Decision Tree: This technique is a map of the possible outcomes of a series for the related choices that uses a tree-like structure graph. The three types of nodes that establish the decision tree are (i) decision, (ii) chance, and (iii) end nodes. The decision tree can be linearized into decision rules, but this may conclude in deep paths. This algorithm is tested by Bourgonje et al. (2017), achieving a 76.17 f-score when tested in English Tweets.
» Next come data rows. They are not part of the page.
lemma ldp_upper_eventually_minus_infinity:
  assumes "scaling_avoids E q"
  shows "eventually (\<lambda>\<delta>. ldp_upper E \<Omega> P Z T q V \<delta> = -\<infinity>) (at_right 0)"
  using scaling_avoids_eventually_empty[OF assms]
proof (rule eventually_mono)
  fix \<delta> assume "eventually (\<lambda>\<epsilon>. \<epsilon> > 0 \<and> {z\<in>E. dist (\<epsilon> *\<^sub>R z) q < \<delta>} = {}) (at_right 0)"
  then have "eventually (\<lambda>\<epsilon>. ereal \<epsilon> *
      elog (SUP z\<in>{z\<in>E. dist (\<epsilon> *\<^sub>R z) q < \<delta>}. ereal (scaled_prob \<Omega> P Z T \<epsilon> z V)) = -\<infinity>) (at_right 0)"
  proof (rule eventually_mono)
    fix \<epsilon> :: real assume "\<epsilon> > 0 \<and> {z\<in>E. dist (\<epsilon> *\<^sub>R z) q < \<delta>} = {}"
    then show "ereal \<epsilon> * elog (SUP z\<in>{z\<in>E. dist (\<epsilon> *\<^sub>R z) q < \<delta>}. ereal (scaled_prob \<Omega> P Z T \<epsilon> z V)) = -\<infinity>"
      by (simp only: image_empty) (simp add: elog_def bot_ereal_def)
  qed
  from Limsup_eq[OF this] have "ldp_upper E \<Omega> P Z T q V \<delta> = Limsup (at_right 0) (\<lambda>_::real. -\<infinity>)"
    unfolding ldp_upper_def .
  then show "ldp_upper E \<Omega> P Z T q V \<delta> = -\<infinity>"
    by (simp add: Limsup_const)
qed

lemma weak_LDP_infinite_where_avoided:
  fixes E :: "'a::euclidean_space set"
  assumes W: "weak_LDP E \<Omega> P Z T I"
  shows "weak_LDP E \<Omega> P Z T (\<lambda>q q'. if scaling_avoids E q then \<infinity> else I q q')"
proof -
  have "(\<lambda>(q, q'). if scaling_avoids E q then \<infinity> else I q q')
      = (\<lambda>x. if x \<in> fst -` {q. scaling_avoids E q} then \<infinity> else (\<lambda>(q, q'). I q q') x)"
    by auto
  moreover have "lower_semicont \<dots>"
    using weak_LDP_lower_semicont[OF W]
    by (intro lower_semicont_override_open open_vimage_fst open_scaling_avoids)
  ultimately have lsc: "lower_semicont (\<lambda>(q, q'). if scaling_avoids E q then \<infinity> else I q q')"
    by simp
  have lower: "\<exists>L. (ldp_lower E \<Omega> P Z T q U \<longlongrightarrow> L) (at_right 0) \<and>
      - (INF q'\<in>U. if scaling_avoids E q then \<infinity> else I q q') \<le> L" if "open U" for q U
  proof (cases "scaling_avoids E q")
    case True
    then show ?thesis
      by (intro exI[of _ \<infinity>]) (auto intro: tendsto_eventually ldp_lower_eventually_infinity)
  qed (use W that in \<open>auto simp: weak_LDP_iff\<close>)
  have upper: "\<exists>L. (ldp_upper E \<Omega> P Z T q V \<longlongrightarrow> L) (at_right 0) \<and>
      L \<le> - (INF q'\<in>V. if scaling_avoids E q then \<infinity> else I q q')" if "compact V" for q V
  proof (cases "scaling_avoids E q")
    case True
    then show ?thesis
      by (intro exI[of _ "-\<infinity>"]) (auto intro: tendsto_eventually ldp_upper_eventually_minus_infinity)
  qed (use W that in \<open>auto simp: weak_LDP_iff\<close>)
  show ?thesis
    unfolding weak_LDP_iff using weak_LDP_nonneg[OF W] lsc lower upper by auto
qed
Random Forest: This method is an ensemble learning method for tasks that grow many classification trees such as classification and regression. To classify a new object from an input vector, it feeds the input vector down each tree in the forest. Each tree gives a classification output by labeling the input or a ranking result by sorting the most possible labels. The forest chooses the classification having the most votes (over all the trees in the forest). To avoid overfitting, the bootstrap aggregating technique is used, which is a machine learning ensemble meta-algorithm designed to improve the stability and accuracy of machine learning algorithms used in statistical classification and regression. This method is used in Gaydhani et al. (2018) and Vidgen and Derczynski (2020) with no significant results, since in both studies, the model that outperformed all others was Logistic Regression.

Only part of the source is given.